Stored items:
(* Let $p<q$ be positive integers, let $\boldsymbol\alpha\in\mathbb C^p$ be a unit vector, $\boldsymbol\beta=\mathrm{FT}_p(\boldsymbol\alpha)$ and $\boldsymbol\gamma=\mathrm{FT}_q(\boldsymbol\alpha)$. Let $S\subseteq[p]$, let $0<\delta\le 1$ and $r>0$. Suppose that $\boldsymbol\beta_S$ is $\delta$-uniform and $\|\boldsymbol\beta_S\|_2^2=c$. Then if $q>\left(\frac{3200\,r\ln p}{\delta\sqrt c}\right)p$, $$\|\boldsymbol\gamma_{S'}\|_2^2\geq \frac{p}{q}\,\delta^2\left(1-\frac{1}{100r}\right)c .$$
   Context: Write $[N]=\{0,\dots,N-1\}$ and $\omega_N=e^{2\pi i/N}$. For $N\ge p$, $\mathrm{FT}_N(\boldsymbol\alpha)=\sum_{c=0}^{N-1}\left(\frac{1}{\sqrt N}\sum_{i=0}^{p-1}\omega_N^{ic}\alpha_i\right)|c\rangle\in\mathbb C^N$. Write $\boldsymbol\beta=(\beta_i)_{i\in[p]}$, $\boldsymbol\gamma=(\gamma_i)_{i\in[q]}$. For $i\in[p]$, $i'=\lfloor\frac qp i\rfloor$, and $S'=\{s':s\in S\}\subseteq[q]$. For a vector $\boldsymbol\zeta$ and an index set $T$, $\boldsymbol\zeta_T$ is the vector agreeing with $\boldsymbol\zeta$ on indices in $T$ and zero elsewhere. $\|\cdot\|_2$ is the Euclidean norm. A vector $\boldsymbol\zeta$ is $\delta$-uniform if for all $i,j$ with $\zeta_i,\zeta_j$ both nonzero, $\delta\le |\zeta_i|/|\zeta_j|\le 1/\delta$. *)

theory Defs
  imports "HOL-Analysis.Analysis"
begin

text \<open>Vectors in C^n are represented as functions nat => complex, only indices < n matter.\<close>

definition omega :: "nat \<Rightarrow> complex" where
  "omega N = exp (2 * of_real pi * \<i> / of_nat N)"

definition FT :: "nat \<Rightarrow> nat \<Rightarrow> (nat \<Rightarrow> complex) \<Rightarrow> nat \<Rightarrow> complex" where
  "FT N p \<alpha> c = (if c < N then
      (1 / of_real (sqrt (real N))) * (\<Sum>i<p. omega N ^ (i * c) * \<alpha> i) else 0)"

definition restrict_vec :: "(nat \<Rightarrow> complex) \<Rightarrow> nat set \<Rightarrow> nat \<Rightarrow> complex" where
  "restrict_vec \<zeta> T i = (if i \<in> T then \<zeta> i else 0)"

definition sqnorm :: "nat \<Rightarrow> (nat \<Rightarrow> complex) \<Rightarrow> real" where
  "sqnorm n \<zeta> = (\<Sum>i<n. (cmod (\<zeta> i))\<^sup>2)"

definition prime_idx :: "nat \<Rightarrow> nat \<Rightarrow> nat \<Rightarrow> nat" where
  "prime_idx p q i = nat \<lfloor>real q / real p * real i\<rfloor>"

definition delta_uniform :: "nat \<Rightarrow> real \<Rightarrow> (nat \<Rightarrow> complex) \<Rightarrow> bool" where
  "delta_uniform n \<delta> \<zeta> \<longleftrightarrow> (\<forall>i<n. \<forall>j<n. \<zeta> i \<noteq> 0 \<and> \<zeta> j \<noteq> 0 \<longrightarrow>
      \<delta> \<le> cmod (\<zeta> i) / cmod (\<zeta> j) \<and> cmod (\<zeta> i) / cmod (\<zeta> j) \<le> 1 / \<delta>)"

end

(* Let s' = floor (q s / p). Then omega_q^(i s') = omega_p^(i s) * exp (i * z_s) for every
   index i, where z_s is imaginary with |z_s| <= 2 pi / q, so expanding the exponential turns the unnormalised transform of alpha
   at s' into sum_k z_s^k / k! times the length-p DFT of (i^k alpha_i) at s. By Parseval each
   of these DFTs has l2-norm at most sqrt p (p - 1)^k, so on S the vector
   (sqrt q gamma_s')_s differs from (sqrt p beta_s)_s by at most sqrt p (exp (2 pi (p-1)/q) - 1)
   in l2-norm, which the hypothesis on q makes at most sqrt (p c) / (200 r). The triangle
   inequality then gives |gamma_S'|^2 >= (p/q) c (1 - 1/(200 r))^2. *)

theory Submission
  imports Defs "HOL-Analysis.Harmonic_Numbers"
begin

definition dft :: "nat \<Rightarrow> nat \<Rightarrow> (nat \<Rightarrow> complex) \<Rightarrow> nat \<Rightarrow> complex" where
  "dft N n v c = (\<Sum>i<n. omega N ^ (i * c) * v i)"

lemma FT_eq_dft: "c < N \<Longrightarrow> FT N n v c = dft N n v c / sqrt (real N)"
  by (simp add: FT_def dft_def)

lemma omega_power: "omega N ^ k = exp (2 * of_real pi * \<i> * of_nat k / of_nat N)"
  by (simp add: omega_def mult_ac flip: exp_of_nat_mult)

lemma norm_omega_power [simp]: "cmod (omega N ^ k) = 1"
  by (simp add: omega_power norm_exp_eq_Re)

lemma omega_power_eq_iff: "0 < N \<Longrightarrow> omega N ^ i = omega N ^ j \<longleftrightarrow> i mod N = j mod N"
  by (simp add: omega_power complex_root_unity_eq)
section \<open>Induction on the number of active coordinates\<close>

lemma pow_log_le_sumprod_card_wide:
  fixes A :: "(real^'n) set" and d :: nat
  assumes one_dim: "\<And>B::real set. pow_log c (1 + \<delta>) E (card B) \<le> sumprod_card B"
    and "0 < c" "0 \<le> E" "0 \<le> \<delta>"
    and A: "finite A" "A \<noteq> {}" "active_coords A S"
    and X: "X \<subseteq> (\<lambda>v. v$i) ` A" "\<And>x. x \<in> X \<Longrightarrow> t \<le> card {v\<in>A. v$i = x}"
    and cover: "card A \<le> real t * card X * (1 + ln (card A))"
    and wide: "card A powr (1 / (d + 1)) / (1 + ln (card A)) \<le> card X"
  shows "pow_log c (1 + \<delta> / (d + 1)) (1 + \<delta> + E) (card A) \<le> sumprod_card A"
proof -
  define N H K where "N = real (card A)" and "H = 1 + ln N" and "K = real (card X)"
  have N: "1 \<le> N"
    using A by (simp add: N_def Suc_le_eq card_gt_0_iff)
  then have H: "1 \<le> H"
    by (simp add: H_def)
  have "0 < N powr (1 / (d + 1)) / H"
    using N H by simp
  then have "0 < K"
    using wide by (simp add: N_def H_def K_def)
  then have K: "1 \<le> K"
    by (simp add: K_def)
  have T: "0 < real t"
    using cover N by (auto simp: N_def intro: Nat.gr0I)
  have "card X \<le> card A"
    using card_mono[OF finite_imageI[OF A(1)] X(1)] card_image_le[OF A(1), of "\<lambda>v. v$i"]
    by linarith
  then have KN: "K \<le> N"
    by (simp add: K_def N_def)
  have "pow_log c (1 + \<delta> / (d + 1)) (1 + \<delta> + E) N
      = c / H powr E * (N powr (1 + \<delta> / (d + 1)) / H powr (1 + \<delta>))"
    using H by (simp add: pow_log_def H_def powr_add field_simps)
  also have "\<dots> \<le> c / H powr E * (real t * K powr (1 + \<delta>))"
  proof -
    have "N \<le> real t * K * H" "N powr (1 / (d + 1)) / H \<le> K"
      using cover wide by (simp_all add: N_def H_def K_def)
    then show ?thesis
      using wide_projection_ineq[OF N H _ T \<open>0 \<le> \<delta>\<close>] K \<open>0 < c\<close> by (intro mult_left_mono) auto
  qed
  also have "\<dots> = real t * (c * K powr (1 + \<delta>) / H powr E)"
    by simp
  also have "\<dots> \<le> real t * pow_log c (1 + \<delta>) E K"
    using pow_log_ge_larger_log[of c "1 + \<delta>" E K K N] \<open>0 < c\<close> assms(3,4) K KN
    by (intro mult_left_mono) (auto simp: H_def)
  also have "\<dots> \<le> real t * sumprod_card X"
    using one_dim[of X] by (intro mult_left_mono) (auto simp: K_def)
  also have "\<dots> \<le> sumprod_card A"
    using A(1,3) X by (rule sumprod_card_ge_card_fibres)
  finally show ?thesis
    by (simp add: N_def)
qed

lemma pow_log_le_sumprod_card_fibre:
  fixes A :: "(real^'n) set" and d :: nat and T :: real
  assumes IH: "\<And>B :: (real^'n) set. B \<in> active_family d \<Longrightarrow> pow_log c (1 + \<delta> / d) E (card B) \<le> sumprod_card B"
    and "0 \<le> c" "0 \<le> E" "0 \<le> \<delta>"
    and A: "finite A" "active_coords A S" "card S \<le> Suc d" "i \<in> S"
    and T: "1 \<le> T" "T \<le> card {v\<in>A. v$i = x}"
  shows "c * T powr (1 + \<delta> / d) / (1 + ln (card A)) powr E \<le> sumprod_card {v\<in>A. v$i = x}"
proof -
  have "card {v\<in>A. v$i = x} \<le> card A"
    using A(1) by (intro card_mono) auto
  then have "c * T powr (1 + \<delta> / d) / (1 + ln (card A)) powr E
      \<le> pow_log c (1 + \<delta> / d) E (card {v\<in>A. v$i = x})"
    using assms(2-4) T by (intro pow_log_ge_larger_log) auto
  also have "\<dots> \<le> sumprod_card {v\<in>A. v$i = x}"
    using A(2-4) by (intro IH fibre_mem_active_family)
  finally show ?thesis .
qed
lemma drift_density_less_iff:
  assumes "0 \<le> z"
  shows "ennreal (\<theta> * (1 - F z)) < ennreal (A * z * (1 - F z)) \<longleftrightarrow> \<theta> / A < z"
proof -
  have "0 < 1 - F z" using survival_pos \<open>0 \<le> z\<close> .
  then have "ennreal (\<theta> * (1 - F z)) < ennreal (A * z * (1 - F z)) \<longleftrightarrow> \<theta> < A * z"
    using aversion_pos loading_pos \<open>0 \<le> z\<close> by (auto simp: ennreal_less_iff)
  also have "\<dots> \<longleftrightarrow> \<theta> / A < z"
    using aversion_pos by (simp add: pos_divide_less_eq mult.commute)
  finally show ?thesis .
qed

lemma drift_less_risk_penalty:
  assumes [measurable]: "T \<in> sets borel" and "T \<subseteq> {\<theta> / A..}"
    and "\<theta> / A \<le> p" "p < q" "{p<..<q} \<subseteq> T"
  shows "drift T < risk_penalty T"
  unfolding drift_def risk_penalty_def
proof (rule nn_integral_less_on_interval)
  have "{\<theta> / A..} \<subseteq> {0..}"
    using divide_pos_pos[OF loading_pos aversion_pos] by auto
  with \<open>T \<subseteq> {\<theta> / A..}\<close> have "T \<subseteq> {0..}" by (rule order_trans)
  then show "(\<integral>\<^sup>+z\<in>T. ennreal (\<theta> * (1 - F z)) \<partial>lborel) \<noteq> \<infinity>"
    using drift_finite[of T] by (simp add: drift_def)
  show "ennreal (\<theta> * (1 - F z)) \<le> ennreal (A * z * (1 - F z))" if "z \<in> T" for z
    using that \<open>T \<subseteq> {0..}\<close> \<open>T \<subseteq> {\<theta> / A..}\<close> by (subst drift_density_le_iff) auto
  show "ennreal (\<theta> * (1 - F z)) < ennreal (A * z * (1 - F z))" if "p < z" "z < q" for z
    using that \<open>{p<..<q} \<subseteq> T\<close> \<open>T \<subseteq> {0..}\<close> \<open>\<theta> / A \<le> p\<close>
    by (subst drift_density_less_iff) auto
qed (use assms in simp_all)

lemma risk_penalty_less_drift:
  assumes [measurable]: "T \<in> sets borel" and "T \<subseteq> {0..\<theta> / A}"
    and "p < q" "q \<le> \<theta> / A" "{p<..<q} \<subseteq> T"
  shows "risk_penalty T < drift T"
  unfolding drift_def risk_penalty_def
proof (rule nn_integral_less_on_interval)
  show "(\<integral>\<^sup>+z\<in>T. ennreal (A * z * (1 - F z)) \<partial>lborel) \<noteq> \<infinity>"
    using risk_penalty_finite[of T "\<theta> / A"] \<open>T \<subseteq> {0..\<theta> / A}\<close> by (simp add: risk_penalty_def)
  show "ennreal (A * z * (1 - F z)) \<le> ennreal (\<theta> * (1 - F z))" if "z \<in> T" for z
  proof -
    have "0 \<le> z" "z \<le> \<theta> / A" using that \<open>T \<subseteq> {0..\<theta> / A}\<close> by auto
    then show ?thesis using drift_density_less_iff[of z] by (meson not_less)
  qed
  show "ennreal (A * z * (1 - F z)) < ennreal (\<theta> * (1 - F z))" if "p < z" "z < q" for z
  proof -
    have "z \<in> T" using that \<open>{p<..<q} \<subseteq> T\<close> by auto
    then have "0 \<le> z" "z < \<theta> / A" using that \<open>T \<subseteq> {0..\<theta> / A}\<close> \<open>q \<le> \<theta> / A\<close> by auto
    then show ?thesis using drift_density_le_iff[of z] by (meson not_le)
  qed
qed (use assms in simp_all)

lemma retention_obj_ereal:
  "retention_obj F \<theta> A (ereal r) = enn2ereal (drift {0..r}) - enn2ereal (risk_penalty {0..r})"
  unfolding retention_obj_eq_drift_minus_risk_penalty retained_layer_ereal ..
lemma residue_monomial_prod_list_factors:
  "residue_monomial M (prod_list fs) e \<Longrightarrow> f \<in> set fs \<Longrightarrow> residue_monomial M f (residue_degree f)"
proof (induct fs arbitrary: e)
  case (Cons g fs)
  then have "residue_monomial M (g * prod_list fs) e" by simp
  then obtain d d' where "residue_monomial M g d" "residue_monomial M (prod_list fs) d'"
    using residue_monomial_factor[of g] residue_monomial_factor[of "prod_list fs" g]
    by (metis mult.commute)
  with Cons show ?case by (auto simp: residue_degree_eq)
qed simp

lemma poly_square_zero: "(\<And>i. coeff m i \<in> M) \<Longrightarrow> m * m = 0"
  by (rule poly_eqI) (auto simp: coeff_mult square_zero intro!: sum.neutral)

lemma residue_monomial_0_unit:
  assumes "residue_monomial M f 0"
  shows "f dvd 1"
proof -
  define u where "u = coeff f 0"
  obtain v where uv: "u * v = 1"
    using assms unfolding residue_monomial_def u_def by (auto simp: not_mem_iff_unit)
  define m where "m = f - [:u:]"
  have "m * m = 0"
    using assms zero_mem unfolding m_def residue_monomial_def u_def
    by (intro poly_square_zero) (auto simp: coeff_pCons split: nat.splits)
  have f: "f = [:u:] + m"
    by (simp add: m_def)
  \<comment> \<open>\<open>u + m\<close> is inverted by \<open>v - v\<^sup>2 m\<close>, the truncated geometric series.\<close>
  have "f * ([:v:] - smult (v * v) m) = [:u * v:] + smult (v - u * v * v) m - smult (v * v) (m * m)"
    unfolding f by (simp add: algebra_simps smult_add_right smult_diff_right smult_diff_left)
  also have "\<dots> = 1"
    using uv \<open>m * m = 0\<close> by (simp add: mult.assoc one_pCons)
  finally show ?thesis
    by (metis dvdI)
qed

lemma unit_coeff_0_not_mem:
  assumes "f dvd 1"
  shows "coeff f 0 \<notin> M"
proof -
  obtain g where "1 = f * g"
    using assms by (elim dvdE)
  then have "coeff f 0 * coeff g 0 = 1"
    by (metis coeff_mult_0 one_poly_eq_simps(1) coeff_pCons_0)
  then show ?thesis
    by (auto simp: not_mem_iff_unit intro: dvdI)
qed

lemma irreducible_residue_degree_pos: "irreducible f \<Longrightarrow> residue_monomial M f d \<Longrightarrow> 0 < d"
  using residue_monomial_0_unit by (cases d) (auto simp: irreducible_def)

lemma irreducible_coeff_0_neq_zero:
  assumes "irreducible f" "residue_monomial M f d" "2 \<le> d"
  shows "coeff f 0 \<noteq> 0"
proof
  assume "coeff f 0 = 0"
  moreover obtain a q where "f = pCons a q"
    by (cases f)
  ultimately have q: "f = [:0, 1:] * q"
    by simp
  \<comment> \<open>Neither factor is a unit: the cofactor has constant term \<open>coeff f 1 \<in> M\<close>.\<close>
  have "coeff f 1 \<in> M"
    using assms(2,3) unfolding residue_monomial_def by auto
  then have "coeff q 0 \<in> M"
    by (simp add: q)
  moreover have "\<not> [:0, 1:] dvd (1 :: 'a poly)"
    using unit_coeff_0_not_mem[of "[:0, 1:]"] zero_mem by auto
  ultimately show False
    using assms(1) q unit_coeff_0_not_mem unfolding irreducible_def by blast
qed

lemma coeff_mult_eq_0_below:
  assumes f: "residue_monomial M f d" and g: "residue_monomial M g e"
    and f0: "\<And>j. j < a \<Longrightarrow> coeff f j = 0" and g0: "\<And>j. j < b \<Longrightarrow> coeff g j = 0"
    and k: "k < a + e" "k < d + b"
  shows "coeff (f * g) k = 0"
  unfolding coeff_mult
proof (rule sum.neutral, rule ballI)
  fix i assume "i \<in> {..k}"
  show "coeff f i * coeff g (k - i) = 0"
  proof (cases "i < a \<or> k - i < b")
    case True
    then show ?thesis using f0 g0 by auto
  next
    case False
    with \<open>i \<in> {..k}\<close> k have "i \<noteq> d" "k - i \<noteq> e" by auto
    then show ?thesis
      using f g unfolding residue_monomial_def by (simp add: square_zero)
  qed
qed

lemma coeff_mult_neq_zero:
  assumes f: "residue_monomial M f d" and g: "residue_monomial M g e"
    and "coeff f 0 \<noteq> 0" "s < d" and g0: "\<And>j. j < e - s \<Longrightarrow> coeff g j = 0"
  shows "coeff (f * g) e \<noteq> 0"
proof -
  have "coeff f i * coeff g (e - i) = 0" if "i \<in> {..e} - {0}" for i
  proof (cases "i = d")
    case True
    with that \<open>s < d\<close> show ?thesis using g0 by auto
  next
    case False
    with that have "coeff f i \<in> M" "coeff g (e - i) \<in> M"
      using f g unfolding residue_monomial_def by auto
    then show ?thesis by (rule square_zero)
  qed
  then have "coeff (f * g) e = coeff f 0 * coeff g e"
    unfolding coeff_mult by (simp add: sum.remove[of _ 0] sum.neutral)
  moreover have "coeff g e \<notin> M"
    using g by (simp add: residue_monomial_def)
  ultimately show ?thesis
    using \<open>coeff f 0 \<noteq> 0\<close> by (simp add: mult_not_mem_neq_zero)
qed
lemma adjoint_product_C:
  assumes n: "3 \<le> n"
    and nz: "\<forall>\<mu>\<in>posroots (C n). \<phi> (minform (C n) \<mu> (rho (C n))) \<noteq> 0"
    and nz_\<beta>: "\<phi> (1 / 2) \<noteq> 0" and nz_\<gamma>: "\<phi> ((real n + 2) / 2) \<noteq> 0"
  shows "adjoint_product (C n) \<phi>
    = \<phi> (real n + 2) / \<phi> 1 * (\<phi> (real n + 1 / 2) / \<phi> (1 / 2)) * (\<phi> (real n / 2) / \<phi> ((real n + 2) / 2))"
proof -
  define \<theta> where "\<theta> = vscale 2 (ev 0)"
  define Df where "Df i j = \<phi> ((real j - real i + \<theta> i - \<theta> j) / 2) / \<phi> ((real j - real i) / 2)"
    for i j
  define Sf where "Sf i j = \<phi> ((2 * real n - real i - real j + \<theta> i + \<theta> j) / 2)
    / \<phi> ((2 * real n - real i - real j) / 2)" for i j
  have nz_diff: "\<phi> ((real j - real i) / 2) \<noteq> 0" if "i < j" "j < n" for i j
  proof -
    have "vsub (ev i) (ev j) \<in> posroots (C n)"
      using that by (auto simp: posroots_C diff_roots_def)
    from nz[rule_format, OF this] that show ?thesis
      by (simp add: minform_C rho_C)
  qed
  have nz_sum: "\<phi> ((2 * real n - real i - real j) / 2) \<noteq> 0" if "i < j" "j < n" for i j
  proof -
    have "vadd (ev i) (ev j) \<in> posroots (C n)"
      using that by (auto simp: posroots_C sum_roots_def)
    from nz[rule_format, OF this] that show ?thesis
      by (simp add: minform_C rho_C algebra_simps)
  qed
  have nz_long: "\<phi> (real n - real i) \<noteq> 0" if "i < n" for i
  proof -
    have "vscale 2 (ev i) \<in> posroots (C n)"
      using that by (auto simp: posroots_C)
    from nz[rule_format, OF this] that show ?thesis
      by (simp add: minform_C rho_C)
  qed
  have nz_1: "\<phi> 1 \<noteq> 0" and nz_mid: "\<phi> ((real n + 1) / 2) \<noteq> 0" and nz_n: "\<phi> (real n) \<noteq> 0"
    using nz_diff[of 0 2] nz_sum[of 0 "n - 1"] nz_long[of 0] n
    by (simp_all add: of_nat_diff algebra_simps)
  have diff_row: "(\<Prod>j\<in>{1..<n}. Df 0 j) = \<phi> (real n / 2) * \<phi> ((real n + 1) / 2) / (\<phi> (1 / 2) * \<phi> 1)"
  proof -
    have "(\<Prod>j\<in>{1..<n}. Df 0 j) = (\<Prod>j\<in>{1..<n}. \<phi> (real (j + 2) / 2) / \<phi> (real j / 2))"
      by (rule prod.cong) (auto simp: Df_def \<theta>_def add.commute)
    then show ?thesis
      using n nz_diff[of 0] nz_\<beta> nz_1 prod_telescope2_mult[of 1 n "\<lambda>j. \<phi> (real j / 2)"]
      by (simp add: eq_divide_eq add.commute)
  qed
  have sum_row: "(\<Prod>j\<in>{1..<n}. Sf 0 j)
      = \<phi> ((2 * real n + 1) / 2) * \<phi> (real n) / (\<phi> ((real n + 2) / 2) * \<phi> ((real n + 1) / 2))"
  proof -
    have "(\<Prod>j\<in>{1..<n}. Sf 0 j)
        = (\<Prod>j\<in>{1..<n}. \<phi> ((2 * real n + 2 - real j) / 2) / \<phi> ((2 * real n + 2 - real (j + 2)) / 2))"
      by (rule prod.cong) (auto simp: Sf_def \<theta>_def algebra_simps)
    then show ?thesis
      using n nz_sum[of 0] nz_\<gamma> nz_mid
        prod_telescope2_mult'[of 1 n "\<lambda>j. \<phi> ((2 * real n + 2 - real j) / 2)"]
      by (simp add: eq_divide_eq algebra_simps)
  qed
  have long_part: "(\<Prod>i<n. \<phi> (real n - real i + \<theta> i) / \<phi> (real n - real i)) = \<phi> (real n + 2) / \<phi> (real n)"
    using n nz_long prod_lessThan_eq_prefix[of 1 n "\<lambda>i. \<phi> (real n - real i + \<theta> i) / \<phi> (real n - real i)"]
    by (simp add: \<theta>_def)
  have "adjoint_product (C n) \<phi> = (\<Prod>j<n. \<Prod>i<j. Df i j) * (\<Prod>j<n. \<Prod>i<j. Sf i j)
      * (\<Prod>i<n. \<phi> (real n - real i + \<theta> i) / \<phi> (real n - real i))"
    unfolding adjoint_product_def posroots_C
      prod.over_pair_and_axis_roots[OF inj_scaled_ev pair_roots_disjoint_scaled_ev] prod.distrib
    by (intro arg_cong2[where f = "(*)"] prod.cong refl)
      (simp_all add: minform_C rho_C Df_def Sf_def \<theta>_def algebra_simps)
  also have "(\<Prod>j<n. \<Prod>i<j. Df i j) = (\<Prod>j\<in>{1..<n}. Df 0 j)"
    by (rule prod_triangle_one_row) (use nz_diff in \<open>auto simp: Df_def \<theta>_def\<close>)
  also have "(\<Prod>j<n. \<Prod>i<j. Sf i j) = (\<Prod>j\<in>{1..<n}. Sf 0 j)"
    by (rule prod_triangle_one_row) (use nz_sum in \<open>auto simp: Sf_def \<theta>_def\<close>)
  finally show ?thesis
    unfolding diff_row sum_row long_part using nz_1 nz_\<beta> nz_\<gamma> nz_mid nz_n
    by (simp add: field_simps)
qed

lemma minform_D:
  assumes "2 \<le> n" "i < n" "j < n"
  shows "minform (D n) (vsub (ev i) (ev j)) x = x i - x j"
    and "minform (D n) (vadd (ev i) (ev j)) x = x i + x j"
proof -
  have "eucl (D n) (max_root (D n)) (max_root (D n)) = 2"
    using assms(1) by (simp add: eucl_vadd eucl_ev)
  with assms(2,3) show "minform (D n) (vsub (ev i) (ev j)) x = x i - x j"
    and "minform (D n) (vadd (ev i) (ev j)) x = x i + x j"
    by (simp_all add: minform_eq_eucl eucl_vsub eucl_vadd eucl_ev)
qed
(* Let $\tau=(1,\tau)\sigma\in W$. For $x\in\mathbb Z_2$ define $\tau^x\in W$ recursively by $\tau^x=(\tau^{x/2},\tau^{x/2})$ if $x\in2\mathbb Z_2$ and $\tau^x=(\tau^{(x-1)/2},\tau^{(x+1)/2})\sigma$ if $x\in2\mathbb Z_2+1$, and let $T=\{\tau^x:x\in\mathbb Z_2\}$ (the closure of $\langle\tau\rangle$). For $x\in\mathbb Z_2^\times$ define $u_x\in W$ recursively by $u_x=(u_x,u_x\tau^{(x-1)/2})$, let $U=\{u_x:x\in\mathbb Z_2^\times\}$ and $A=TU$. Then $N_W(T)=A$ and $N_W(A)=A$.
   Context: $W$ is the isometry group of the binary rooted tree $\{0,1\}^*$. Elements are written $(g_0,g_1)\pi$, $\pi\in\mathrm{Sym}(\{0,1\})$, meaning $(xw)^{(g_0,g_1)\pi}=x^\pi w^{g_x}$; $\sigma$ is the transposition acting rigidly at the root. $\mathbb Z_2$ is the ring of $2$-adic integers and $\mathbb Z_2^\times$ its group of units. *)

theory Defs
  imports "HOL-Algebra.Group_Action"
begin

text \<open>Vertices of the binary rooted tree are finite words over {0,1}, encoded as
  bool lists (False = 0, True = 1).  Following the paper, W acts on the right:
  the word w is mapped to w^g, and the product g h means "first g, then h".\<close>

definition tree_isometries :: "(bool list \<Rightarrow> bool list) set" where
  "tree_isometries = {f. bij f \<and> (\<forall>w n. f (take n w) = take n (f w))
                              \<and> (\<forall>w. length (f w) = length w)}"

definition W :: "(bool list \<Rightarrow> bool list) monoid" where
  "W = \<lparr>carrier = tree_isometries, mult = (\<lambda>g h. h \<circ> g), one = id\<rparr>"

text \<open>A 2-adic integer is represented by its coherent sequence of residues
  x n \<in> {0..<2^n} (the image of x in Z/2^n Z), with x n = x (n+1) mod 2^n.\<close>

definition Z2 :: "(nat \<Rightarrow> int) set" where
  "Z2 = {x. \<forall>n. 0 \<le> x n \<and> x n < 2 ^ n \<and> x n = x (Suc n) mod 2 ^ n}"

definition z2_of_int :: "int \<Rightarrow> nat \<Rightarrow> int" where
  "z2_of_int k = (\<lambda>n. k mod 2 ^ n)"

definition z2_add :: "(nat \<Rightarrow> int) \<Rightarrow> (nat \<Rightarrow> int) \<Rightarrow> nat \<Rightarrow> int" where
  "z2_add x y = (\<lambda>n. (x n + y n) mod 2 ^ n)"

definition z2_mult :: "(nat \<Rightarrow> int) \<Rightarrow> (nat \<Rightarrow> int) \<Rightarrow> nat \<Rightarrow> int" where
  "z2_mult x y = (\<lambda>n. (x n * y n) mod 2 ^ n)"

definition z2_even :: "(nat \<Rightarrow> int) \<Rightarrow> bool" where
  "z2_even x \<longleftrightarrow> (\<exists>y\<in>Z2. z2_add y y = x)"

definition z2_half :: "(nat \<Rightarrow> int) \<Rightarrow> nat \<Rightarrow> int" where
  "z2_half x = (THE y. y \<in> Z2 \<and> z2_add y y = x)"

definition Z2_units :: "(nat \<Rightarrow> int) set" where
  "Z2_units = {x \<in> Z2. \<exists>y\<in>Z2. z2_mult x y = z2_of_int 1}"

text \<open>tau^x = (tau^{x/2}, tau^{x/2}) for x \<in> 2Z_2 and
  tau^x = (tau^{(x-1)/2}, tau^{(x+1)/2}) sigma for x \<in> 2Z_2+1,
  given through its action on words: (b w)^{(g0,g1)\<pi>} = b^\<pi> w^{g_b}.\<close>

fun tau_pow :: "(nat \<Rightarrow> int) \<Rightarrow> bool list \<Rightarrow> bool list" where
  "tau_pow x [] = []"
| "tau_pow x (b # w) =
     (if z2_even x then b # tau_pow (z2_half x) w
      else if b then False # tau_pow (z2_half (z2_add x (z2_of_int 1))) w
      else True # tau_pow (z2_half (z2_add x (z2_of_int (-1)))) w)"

TASK TO COMPLETE:
Return, unchanged, the run of lines above that opens with the line containing "by (simp add: eq_divide_eq add.commute)" and closes with the line containing "j) * (\<Prod>j<n. \<Prod>i<j. Sf i j)". Include both.

WRITTEN ANSWER:
      by (simp add: eq_divide_eq add.commute)
  qed
  have sum_row: "(\<Prod>j\<in>{1..<n}. Sf 0 j)
      = \<phi> ((2 * real n + 1) / 2) * \<phi> (real n) / (\<phi> ((real n + 2) / 2) * \<phi> ((real n + 1) / 2))"
  proof -
    have "(\<Prod>j\<in>{1..<n}. Sf 0 j)
        = (\<Prod>j\<in>{1..<n}. \<phi> ((2 * real n + 2 - real j) / 2) / \<phi> ((2 * real n + 2 - real (j + 2)) / 2))"
      by (rule prod.cong) (auto simp: Sf_def \<theta>_def algebra_simps)
    then show ?thesis
      using n nz_sum[of 0] nz_\<gamma> nz_mid
        prod_telescope2_mult'[of 1 n "\<lambda>j. \<phi> ((2 * real n + 2 - real j) / 2)"]
      by (simp add: eq_divide_eq algebra_simps)
  qed
  have long_part: "(\<Prod>i<n. \<phi> (real n - real i + \<theta> i) / \<phi> (real n - real i)) = \<phi> (real n + 2) / \<phi> (real n)"
    using n nz_long prod_lessThan_eq_prefix[of 1 n "\<lambda>i. \<phi> (real n - real i + \<theta> i) / \<phi> (real n - real i)"]
    by (simp add: \<theta>_def)
  have "adjoint_product (C n) \<phi> = (\<Prod>j<n. \<Prod>i<j. Df i j) * (\<Prod>j<n. \<Prod>i<j. Sf i j)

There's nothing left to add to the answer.